Clemens J. Setz, geboren am 15. November 1982 in Graz, ist Schriftsteller, Dramatiker und Übersetzer.

Setz, der auch heute noch in seiner Geburtstadt lebt, begann 2001 ein Lehramtsstudium der Mathematik und Germanistik an der Karl-Franzens-Universität in Graz, das er jedoch nicht abschloss. Neben dem Studium arbeitete Setz unter anderem als Übersetzer und veröffentlichte Gedichte und Erzählungen in Zeitschriften und Anthologien. Er ist gehört zu den Gründungsmitgliedern der Literaturgruppe Plattform.

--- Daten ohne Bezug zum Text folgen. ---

definition disc_part :: "'a measure \<Rightarrow> ('a \<Rightarrow> real) \<Rightarrow> real set \<Rightarrow> real measure" where
  "disc_part M X D = cond_law M X D"

definition dens :: "real measure \<Rightarrow> real \<Rightarrow> real" where
  "dens \<mu> x = enn2real (RN_deriv lborel \<mu> x)"

definition diff_entropy :: "real measure \<Rightarrow> real" where
  "diff_entropy \<mu> = - (\<integral>x. dens \<mu> x * ln (dens \<mu> x) \<partial>lborel)"

definition finite_diff_entropy :: "real measure \<Rightarrow> bool" where
  "finite_diff_entropy \<mu> \<longleftrightarrow> integrable lborel (\<lambda>x. dens \<mu> x * ln (dens \<mu> x))"

definition sumset :: "real set \<Rightarrow> real set \<Rightarrow> real set" where
  "sumset A B = {a + b | a b. a \<in> A \<and> b \<in> B}"

end

theory Submission
  imports Defs
begin

(* Let S = DX + DY and let f be the density of Z_c. Up to a null set, {Z \<notin> S} is the disjoint
   union of {Y \<notin> DY} and {X \<notin> DX, Y \<in> DY}: a continuous summand almost surely moves the sum
   off the countable set S. Hence P(Z \<notin> S) h(Z_c) = E[-ln f(Z); Z \<notin> S] splits into two
   expectations. Conditioning on the other summand v, each one is a cross entropy of Y_c
   (resp. X_c) against the translate f(. + v), which has total mass 1, so Gibbs' inequality
   bounds it below by h(Y_c) (resp. h(X_c)). Thus P(Z \<notin> S) h(Z_c) dominates
   P(Y \<notin> DY) h(Y_c) + P(X \<notin> DX) P(Y \<in> DY) h(X_c), a combination of h(X_c) and h(Y_c)
   with total weight P(Z \<notin> S). *)

section \<open>Densities and differential entropy\<close>

lemma dens_nonneg [simp]: "0 \<le> dens \<mu> x"
  by (simp add: dens_def)

lemma borel_measurable_dens [measurable]: "dens \<mu> \<in> borel_measurable borel"
  unfolding dens_def by measurable

lemma density_dens:
  assumes "finite_measure \<mu>" "sets \<mu> = sets borel" "absolutely_continuous lborel \<mu>"
  shows "density lborel (\<lambda>x. ennreal (dens \<mu> x)) = \<mu>"
proof -
  have sets: "sets \<mu> = sets lborel" using assms(2) by simp
  have "AE x in lborel. RN_deriv lborel \<mu> x \<noteq> \<infinity>"
    using assms(1,3) sets
    by (intro sigma_finite_measure.RN_deriv_finite sigma_finite_lborel
        finite_measure.sigma_finite_measure)
  then have "density lborel (\<lambda>x. ennreal (dens \<mu> x)) = density lborel (RN_deriv lborel \<mu>)"
    by (intro density_cong) (auto simp: dens_def less_top)
  also have "\<dots> = \<mu>"
    using assms(3) sets by (rule sigma_finite_measure.density_RN_deriv[OF sigma_finite_lborel])
  finally show ?thesis .
qed


lemma
  assumes "finite_measure \<mu>" "sets \<mu> = sets borel" "absolutely_continuous lborel \<mu>"
    and [measurable]: "h \<in> borel_measurable borel"
  shows integrable_dens_iff: "integrable \<mu> h \<longleftrightarrow> integrable lborel (\<lambda>x. dens \<mu> x * h x)"
    and integral_dens: "(\<integral>x. h x \<partial>\<mu>) = (\<integral>x. dens \<mu> x * h x \<partial>lborel)"
proof -
  let ?f = "density lborel (\<lambda>x. ennreal (dens \<mu> x))"
  have "integrable ?f h \<longleftrightarrow> integrable lborel (\<lambda>x. dens \<mu> x * h x)"
    "(\<integral>x. h x \<partial>?f) = (\<integral>x. dens \<mu> x * h x \<partial>lborel)"
    by (simp_all add: integrable_density integral_density)
  then show "integrable \<mu> h \<longleftrightarrow> integrable lborel (\<lambda>x. dens \<mu> x * h x)"
    "(\<integral>x. h x \<partial>\<mu>) = (\<integral>x. dens \<mu> x * h x \<partial>lborel)"
    by (simp_all only: density_dens[OF assms(1-3)])
qed

lemma AE_dens_iff:
  assumes "finite_measure \<mu>" "sets \<mu> = sets borel" "absolutely_continuous lborel \<mu>"
    and [measurable]: "Measurable.pred borel P"
  shows "(AE x in \<mu>. P x) \<longleftrightarrow> (AE x in lborel. 0 < dens \<mu> x \<longrightarrow> P x)"
proof -
  have "(AE x in density lborel (\<lambda>x. ennreal (dens \<mu> x)). P x) \<longleftrightarrow> (AE x in lborel. 0 < dens \<mu> x \<longrightarrow> P x)"
    by (simp add: AE_density)
  then show ?thesis by (simp only: density_dens[OF assms(1-3)])
qed

lemma
  assumes "prob_space \<mu>" "sets \<mu> = sets borel" "absolutely_continuous lborel \<mu>"
  shows integrable_dens: "integrable lborel (dens \<mu>)"
    and integral_dens_eq_1: "(\<integral>x. dens \<mu> x \<partial>lborel) = 1"
proof -
  interpret prob_space \<mu> by fact
  have "integrable \<mu> (\<lambda>_. 1::real)" "(\<integral>_. 1 \<partial>\<mu>) = (1::real)" by (simp_all add: prob_space)
  moreover note integrable_dens_iff[OF finite_measure_axioms assms(2,3), of "\<lambda>_. 1"]
    integral_dens[OF finite_measure_axioms assms(2,3), of "\<lambda>_. 1"]
  ultimately show "integrable lborel (dens \<mu>)" "(\<integral>x. dens \<mu> x \<partial>lborel) = 1"
    by simp_all
qed

lemma mult_ln_le_mult_ln_add:
  fixes a b :: real
  assumes "0 \<le> a" "0 \<le> b" "0 < a \<longrightarrow> 0 < b"
  shows "a * ln b \<le> a * ln a + (b - a)"
proof (cases "a = 0")
  case False
  then have a: "0 < a" and b: "0 < b" using assms by auto
  have "a * ln (b / a) \<le> a * (b / a - 1)"
    using ln_le_minus_one[of "b / a"] a b by (intro mult_left_mono) auto
  then show ?thesis using a b by (simp add: ln_div algebra_simps)
qed (use assms in simp)

lemma diff_entropy_le_cross_entropy:
  assumes \<mu>: "prob_space \<mu>" "sets \<mu> = sets borel" "absolutely_continuous lborel \<mu>"
    and fin: "finite_diff_entropy \<mu>"
    and [measurable]: "\<psi> \<in> borel_measurable borel"
    and \<psi>: "\<And>x. 0 \<le> \<psi> x" "integrable lborel \<psi>" "(\<integral>x. \<psi> x \<partial>lborel) \<le> 1"
    and int: "integrable \<mu> (\<lambda>x. - ln (\<psi> x))" and pos: "AE x in \<mu>. 0 < \<psi> x"
  shows "diff_entropy \<mu> \<le> (\<integral>x. - ln (\<psi> x) \<partial>\<mu>)"
proof -
  interpret prob_space \<mu> by fact
  note dens = finite_measure_axioms \<mu>(2,3)
  let ?g = "dens \<mu>"
  have g: "integrable lborel ?g" "(\<integral>x. ?g x \<partial>lborel) = 1"
    using integrable_dens[OF \<mu>] integral_dens_eq_1[OF \<mu>] by auto
  have ent: "integrable lborel (\<lambda>x. ?g x * ln (?g x))"
    using fin by (simp add: finite_diff_entropy_def)
  have cross: "integrable lborel (\<lambda>x. ?g x * ln (\<psi> x))"
    using int integrable_dens_iff[OF dens, of "\<lambda>x. - ln (\<psi> x)"] by simp
  have "AE x in lborel. 0 < ?g x \<longrightarrow> 0 < \<psi> x"
    using pos AE_dens_iff[OF dens] by simp
  then have "(\<integral>x. ?g x * ln (\<psi> x) \<partial>lborel) \<le> (\<integral>x. ?g x * ln (?g x) + (\<psi> x - ?g x) \<partial>lborel)"
    by (intro integral_mono_AE) (auto intro!: mult_ln_le_mult_ln_add cross ent \<psi> g elim!: AE_mp)
  also have "\<dots> = (\<integral>x. ?g x * ln (?g x) \<partial>lborel) + ((\<integral>x. \<psi> x \<partial>lborel) - 1)"
    using ent \<psi> g by simp
  finally show ?thesis
    using \<psi>(3) integral_dens[OF dens, of "\<lambda>x. - ln (\<psi> x)"] by (simp add: diff_entropy_def)
qed

lemma
  assumes \<mu>: "prob_space \<mu>" "sets \<mu> = sets borel" "absolutely_continuous lborel \<mu>"
  shows AE_dens_pos: "AE x in \<mu>. 0 < dens \<mu> x"
    and integrable_neg_ln_dens: "finite_diff_entropy \<mu> \<Longrightarrow> integrable \<mu> (\<lambda>x. - ln (dens \<mu> x))"
    and integral_neg_ln_dens: "(\<integral>x. - ln (dens \<mu> x) \<partial>\<mu>) = diff_entropy \<mu>"
proof -
  interpret prob_space \<mu> by fact
  note dens = finite_measure_axioms \<mu>(2,3)
  show "AE x in \<mu>. 0 < dens \<mu> x"
    by (simp add: AE_dens_iff[OF dens])
  show "finite_diff_entropy \<mu> \<Longrightarrow> integrable \<mu> (\<lambda>x. - ln (dens \<mu> x))"
    by (simp add: integrable_dens_iff[OF dens] finite_diff_entropy_def)
  show "(\<integral>x. - ln (dens \<mu> x) \<partial>\<mu>) = diff_entropy \<mu>"
    by (simp add: integral_dens[OF dens] diff_entropy_def)
qed

section \<open>Continuous parts\<close>

lemma (in finite_measure)
  fixes h :: "'a \<Rightarrow> real"
  assumes [measurable]: "A \<in> sets M" "h \<in> borel_measurable M" and A: "0 < measure M A"
  shows integrable_uniform_measure_iff:
      "integrable (uniform_measure M A) h \<longleftrightarrow> integrable M (\<lambda>x. h x * indicator A x)"
    and integral_uniform_measure:
      "(\<integral>x. h x * indicator A x \<partial>M) = measure M A * (\<integral>x. h x \<partial>uniform_measure M A)"
proof -
  have "1 / ennreal (measure M A) = ennreal (1 / measure M A)"
    using A divide_ennreal[of 1 "measure M A"] by simp
  then have "uniform_measure M A = density M (\<lambda>x. ennreal (indicator A x / measure M A))"
    unfolding uniform_measure_def using A
    by (intro density_cong) (auto simp: emeasure_eq_measure split: split_indicator)
  moreover have "integrable M (\<lambda>x. h x * indicator A x / measure M A) \<longleftrightarrow>
      integrable M (\<lambda>x. h x * indicator A x)"
    using A integrable_mult_right_iff[of M "\<lambda>x. h x * indicator A x" "1 / measure M A"] by simp
  ultimately show "integrable (uniform_measure M A) h \<longleftrightarrow> integrable M (\<lambda>x. h x * indicator A x)"
    "(\<integral>x. h x * indicator A x \<partial>M) = measure M A * (\<integral>x. h x \<partial>uniform_measure M A)"
    using A by (simp_all add: integrable_density integral_density mult.commute)
qed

2007 erschien sein Debütroman "Söhne und Planeten", der auf die Shortlist des aspekte-Literaturpreises gelangte. 2008 wurde er zum Ingeborg-Bachmann-Preis eingeladen, wo er mit der Novelle "Die Waage" den Ernst-Willner-Preis gewann. 2009 wurde sein zweiter Roman "Die Frequenzen" für den Deutschen Buchpreis nominiert. Für seinen Erzählband "Die Liebe zur Zeit des Mahlstädter Kindes" erhielt Setz 2011 den Preis der Leipziger Buchmesse im Bereich Belletristik. Sein 2012 erschienener Roman "Indigo" gelangte auf die Shortlist des Deutschen Buchpreises. Auch der 2015 erschienene über 1000 Seiten lange Roman Die Stunde zwischen Frau und Gitarre wurde für den Deutschen Buchpreis nominiert. Im Februar 2019 erschien sein Erzählband Der Trost runder Dinge.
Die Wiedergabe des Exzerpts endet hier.